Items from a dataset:
──────

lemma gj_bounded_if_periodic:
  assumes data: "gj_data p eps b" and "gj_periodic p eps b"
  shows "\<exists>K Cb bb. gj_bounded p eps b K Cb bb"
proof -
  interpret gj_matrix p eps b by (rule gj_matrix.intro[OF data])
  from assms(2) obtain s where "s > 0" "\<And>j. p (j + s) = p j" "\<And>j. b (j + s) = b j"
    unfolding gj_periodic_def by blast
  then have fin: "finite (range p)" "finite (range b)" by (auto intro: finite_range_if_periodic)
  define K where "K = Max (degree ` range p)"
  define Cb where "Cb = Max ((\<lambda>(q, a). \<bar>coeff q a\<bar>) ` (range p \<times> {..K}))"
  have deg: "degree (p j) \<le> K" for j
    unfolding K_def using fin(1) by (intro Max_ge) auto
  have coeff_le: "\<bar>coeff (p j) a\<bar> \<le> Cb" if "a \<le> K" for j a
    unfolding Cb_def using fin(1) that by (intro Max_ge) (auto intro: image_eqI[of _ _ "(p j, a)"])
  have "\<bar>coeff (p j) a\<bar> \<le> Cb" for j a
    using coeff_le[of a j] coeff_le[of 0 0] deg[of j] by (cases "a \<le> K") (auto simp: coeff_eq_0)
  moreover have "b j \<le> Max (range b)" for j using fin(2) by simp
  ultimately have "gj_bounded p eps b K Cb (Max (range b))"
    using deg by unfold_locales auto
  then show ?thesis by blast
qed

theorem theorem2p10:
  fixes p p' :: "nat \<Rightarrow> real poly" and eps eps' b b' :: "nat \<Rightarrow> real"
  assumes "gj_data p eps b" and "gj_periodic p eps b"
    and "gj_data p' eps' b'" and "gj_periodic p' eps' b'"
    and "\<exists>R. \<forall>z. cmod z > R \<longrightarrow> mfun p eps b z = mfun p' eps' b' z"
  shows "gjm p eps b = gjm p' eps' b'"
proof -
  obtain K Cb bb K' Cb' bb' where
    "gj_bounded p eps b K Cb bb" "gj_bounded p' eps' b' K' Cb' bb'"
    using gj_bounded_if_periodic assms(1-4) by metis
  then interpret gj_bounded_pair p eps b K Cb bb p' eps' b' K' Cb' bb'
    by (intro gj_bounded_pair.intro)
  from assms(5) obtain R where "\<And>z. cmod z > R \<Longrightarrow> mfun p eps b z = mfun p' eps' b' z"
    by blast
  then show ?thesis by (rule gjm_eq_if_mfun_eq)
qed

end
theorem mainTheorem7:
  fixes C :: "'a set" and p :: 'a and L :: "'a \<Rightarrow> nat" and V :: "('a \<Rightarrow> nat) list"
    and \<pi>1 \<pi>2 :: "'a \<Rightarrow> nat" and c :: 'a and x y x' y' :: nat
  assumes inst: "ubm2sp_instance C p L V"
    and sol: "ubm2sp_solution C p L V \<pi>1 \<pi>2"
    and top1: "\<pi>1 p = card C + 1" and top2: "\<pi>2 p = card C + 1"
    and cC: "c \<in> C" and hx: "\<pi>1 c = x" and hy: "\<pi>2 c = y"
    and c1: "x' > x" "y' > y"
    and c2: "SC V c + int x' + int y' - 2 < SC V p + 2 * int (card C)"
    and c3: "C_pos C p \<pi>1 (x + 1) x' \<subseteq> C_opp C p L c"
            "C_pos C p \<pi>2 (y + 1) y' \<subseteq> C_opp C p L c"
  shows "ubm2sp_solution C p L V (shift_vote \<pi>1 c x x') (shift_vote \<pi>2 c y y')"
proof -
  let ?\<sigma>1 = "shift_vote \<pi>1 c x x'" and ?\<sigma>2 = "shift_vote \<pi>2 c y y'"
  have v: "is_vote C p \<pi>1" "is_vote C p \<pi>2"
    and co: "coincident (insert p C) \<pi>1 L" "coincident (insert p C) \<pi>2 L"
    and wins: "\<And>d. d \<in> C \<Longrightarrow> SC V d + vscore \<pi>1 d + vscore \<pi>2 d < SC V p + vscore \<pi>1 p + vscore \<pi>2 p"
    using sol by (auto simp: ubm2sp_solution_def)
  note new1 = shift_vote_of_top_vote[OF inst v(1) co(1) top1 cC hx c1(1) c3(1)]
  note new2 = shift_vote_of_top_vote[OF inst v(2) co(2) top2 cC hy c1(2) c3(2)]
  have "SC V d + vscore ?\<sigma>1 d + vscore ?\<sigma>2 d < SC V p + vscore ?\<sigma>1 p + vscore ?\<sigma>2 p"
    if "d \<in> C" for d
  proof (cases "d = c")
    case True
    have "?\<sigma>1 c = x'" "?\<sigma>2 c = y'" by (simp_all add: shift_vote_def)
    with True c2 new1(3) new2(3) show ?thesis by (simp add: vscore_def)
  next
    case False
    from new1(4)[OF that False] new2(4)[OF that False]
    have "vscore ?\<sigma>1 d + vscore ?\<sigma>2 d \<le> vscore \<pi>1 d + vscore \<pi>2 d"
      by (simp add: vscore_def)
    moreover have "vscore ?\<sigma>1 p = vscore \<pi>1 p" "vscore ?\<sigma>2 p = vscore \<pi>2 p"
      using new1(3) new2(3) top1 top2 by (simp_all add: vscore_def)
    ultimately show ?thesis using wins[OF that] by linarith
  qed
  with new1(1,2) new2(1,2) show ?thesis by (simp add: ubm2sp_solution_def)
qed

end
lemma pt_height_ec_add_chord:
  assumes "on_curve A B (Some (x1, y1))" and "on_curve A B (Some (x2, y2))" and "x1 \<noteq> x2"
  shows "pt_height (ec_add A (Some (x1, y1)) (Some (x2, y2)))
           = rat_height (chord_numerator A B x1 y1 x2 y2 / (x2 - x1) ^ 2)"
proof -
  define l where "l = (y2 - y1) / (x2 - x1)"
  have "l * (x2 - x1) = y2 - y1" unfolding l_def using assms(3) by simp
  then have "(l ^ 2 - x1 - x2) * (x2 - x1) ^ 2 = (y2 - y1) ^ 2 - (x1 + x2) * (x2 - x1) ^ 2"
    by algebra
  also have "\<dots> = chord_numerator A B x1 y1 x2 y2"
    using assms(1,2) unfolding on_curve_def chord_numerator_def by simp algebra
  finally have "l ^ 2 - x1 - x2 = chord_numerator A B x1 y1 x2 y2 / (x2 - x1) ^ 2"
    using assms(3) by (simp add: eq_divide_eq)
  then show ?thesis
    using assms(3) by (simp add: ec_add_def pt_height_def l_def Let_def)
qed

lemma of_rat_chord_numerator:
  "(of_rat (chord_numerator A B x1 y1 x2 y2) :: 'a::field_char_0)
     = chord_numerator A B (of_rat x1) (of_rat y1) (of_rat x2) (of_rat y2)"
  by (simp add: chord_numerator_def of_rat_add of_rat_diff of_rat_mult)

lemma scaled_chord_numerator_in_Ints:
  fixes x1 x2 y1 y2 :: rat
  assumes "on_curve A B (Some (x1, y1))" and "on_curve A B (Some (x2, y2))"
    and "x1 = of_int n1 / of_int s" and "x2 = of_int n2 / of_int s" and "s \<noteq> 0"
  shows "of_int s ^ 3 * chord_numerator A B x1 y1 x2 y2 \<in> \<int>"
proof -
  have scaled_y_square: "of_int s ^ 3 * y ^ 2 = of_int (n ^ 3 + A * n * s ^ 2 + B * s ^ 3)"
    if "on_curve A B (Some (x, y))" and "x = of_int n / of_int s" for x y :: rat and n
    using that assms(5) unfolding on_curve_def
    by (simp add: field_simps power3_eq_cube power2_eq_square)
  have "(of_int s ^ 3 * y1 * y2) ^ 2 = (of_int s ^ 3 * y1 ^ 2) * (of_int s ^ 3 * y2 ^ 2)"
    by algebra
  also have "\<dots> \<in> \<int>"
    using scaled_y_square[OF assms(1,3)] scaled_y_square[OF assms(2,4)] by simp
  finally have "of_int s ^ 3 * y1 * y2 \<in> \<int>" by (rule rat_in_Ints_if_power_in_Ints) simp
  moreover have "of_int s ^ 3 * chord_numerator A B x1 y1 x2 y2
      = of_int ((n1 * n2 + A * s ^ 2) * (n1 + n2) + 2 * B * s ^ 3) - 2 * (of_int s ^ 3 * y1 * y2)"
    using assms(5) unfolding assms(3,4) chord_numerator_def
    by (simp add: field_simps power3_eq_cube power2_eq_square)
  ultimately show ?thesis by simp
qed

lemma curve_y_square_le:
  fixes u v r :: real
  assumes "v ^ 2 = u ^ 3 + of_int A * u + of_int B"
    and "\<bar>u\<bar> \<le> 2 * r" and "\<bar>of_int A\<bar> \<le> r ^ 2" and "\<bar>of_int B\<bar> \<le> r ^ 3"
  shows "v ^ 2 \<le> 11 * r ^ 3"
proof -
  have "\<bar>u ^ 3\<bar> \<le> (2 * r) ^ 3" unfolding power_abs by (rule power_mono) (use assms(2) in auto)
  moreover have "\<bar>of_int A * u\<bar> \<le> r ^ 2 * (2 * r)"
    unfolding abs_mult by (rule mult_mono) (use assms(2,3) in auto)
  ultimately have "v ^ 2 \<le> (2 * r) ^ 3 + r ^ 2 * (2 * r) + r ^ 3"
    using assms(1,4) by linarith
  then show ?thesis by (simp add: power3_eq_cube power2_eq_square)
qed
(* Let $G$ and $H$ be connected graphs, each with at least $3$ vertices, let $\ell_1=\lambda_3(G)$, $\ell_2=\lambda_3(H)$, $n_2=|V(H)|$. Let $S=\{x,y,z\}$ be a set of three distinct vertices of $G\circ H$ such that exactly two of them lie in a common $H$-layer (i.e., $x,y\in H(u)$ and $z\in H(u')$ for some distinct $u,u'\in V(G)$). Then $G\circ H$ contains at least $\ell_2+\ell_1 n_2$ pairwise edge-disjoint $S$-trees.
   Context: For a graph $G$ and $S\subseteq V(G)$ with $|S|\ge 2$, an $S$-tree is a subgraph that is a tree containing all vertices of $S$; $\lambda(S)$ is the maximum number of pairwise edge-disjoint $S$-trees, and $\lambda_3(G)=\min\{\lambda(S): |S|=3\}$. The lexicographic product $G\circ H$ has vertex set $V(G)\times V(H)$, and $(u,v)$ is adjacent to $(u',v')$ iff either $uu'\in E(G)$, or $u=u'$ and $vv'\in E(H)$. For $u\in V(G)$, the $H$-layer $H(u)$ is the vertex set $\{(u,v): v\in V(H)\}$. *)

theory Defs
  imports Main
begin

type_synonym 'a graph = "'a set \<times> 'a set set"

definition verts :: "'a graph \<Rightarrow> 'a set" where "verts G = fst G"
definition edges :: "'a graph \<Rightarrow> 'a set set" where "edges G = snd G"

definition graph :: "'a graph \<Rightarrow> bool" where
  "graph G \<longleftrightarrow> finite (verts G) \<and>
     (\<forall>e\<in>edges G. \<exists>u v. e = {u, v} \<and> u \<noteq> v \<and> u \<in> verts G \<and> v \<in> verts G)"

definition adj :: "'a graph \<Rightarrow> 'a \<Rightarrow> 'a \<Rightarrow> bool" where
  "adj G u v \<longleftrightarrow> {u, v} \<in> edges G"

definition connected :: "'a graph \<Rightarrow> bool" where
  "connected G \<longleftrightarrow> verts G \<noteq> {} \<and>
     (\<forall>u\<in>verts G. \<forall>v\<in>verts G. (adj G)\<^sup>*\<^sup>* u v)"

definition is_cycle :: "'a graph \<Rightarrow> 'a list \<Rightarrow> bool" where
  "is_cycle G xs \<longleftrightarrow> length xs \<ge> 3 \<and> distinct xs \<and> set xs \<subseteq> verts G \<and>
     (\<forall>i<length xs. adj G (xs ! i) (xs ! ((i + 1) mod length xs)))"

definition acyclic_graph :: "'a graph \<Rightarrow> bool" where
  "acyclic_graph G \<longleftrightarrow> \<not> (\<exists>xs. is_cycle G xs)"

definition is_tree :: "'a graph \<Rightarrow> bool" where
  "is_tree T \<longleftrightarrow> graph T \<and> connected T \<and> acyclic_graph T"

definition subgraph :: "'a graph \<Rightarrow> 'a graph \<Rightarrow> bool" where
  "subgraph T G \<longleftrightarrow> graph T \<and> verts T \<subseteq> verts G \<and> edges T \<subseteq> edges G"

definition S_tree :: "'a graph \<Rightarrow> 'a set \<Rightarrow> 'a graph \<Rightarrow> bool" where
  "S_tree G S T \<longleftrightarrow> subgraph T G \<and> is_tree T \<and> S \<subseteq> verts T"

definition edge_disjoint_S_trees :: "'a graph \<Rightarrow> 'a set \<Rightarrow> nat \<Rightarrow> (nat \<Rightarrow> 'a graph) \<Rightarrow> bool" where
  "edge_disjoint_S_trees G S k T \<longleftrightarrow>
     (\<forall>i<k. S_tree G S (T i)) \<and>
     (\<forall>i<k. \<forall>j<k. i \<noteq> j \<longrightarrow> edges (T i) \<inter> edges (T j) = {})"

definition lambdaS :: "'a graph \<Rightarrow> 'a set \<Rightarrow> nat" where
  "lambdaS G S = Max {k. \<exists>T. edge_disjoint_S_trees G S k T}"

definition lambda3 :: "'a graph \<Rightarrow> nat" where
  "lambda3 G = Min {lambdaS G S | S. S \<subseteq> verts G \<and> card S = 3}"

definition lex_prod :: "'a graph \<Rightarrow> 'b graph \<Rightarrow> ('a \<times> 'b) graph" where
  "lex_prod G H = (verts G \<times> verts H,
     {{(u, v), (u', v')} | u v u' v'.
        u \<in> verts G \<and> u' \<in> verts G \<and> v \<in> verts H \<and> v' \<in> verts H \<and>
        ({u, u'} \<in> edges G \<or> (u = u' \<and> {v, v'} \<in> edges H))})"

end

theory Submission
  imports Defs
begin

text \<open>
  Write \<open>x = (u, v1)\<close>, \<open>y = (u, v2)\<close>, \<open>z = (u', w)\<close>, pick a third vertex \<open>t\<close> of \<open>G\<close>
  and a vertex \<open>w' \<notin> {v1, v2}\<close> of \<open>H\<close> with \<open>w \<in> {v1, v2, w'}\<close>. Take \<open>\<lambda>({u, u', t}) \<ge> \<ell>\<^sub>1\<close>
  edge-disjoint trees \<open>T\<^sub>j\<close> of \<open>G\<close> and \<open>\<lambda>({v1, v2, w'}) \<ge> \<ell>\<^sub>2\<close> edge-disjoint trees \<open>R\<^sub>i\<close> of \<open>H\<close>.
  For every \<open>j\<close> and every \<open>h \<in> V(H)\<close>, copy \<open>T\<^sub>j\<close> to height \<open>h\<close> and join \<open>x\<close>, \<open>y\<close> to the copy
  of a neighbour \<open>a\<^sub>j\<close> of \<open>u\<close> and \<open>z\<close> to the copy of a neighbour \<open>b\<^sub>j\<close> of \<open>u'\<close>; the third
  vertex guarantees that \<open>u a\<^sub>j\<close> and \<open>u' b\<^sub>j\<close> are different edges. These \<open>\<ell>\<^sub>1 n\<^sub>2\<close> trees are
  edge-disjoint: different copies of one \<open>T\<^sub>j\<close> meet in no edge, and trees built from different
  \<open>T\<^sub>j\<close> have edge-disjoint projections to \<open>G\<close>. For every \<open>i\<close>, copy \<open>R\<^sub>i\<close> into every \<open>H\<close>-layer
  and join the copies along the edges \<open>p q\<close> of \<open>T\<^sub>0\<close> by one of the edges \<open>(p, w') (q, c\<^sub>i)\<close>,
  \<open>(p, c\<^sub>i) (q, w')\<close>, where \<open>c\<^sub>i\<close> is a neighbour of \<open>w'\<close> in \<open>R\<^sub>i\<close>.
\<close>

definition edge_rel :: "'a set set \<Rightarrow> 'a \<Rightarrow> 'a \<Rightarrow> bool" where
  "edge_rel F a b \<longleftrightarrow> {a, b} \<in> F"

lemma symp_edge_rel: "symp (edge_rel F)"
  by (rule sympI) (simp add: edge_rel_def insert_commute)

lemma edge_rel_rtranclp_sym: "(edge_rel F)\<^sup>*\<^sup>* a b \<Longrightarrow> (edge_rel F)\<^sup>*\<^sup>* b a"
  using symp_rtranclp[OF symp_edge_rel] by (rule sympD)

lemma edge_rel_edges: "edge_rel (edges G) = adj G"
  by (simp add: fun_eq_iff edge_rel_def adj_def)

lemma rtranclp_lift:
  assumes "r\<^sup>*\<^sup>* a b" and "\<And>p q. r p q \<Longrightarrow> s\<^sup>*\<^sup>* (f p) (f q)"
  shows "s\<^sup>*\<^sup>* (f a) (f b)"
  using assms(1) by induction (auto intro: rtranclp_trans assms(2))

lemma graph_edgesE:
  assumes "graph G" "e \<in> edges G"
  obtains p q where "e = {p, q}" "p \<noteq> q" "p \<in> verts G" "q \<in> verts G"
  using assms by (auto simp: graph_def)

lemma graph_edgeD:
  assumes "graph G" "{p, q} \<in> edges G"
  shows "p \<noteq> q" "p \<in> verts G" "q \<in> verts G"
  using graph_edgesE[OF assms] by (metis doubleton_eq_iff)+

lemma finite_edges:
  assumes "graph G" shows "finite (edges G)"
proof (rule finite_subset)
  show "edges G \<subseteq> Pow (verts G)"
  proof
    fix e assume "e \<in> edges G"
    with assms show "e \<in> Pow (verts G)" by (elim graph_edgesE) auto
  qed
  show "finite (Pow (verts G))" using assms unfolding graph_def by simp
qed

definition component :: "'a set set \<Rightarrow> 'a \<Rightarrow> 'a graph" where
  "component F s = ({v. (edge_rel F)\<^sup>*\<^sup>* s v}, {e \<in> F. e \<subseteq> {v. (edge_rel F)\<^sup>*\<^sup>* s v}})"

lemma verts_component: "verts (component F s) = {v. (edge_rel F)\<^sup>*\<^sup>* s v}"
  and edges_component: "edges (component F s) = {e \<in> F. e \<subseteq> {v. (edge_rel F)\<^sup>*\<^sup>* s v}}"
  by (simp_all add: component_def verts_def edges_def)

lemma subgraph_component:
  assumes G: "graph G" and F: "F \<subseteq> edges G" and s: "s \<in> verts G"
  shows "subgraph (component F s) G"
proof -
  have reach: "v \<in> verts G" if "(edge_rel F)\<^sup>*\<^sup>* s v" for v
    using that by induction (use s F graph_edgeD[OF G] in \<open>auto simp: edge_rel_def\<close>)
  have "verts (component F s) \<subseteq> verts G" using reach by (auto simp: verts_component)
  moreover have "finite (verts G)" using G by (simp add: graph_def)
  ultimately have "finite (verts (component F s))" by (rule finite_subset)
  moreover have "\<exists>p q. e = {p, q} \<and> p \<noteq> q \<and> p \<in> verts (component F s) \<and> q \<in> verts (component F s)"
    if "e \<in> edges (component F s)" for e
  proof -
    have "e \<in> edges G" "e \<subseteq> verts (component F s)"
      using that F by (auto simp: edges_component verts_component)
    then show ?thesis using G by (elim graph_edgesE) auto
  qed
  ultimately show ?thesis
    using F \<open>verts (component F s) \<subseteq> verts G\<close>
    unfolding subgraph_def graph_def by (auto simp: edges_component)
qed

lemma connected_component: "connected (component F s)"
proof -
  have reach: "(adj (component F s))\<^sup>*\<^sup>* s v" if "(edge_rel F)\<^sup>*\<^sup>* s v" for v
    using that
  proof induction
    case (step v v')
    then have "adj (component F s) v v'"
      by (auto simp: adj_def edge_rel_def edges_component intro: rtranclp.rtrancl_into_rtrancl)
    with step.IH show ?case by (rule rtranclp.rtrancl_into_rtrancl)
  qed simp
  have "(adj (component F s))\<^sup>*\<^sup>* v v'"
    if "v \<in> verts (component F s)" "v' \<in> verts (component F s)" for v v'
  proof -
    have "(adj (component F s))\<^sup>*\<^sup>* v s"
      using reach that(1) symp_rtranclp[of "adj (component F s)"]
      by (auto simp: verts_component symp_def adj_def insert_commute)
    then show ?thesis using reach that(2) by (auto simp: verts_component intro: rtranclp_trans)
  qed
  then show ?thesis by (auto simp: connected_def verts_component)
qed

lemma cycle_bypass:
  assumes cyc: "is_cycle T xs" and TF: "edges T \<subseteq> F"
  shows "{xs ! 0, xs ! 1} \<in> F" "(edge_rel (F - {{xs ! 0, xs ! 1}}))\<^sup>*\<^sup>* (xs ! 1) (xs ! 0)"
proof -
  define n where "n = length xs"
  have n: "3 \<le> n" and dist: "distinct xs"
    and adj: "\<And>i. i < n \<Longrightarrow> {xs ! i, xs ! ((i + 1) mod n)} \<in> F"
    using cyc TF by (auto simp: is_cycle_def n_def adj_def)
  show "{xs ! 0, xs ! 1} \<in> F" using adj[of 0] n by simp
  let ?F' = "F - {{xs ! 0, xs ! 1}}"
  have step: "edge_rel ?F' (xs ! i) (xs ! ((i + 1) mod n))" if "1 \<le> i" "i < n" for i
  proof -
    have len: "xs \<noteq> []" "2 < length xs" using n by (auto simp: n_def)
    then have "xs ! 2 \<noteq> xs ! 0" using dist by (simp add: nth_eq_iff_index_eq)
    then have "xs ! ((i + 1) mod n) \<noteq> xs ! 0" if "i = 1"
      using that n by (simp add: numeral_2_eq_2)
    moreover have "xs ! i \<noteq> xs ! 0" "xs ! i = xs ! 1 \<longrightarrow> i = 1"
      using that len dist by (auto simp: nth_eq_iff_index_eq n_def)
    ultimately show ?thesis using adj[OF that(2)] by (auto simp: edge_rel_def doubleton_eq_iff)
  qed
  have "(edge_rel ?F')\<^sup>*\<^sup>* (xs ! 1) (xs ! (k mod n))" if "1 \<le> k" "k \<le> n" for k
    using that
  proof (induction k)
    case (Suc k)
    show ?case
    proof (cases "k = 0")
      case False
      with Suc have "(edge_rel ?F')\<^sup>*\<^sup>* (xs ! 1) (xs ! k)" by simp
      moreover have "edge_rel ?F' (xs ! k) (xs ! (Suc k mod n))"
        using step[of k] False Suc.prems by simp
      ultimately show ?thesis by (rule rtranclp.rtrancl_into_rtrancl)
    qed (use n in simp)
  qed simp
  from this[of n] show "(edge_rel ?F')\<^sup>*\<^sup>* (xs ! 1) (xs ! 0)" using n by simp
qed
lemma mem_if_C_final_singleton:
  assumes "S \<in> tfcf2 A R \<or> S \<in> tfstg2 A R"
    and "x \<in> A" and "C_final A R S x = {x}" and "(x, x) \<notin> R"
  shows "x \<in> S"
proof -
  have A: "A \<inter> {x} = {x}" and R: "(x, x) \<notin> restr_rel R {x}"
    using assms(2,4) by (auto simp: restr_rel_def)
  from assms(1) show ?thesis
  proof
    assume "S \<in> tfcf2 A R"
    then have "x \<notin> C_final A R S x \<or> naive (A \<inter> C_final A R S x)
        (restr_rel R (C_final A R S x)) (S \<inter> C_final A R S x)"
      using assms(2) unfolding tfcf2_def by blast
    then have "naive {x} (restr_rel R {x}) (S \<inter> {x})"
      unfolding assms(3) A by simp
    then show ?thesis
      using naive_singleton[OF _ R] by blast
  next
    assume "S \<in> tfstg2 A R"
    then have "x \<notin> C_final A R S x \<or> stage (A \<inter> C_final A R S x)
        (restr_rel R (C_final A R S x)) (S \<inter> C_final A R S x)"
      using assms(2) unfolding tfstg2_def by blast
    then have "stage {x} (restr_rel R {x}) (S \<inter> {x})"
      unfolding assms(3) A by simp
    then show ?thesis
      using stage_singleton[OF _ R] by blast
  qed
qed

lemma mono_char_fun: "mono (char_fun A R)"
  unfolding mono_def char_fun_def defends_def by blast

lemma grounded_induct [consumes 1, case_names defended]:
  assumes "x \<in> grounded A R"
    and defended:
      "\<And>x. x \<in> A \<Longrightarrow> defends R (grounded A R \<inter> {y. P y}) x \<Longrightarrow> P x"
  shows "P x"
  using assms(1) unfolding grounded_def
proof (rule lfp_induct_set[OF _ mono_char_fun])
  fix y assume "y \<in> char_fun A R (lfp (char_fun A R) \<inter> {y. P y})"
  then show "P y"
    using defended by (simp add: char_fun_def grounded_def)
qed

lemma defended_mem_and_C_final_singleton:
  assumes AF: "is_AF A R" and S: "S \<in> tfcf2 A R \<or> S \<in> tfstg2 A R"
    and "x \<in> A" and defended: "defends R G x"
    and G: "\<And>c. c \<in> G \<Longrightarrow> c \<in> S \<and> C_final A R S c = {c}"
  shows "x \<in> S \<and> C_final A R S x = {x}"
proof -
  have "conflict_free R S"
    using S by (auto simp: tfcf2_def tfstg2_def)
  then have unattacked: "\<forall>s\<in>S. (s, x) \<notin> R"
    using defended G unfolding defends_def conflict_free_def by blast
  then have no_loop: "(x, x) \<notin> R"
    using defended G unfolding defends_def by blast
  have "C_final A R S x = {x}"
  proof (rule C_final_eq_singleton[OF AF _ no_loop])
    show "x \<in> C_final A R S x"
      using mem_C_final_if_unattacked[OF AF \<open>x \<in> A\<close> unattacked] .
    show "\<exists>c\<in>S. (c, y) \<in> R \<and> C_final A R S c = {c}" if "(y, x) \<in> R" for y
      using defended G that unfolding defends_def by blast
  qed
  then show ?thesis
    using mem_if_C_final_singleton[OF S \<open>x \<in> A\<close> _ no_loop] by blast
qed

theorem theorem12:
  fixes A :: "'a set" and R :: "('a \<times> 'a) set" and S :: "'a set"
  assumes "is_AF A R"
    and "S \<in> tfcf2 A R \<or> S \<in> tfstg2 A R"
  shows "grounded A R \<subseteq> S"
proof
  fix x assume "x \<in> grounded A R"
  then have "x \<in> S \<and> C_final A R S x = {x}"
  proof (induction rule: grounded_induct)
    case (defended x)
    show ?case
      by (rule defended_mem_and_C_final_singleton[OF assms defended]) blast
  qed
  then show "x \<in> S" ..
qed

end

──────

TRY IT — Transcribe the records above from the line holding "type_synonym 'a graph" down to the line holding "(verts G) \<and>", inclusive, without adding anything.

EXERCISE RESULT —
type_synonym 'a graph = "'a set \<times> 'a set set"

definition verts :: "'a graph \<Rightarrow> 'a set" where "verts G = fst G"
definition edges :: "'a graph \<Rightarrow> 'a set set" where "edges G = snd G"

definition graph :: "'a graph \<Rightarrow> bool" where
  "graph G \<longleftrightarrow> finite (verts G) \<and>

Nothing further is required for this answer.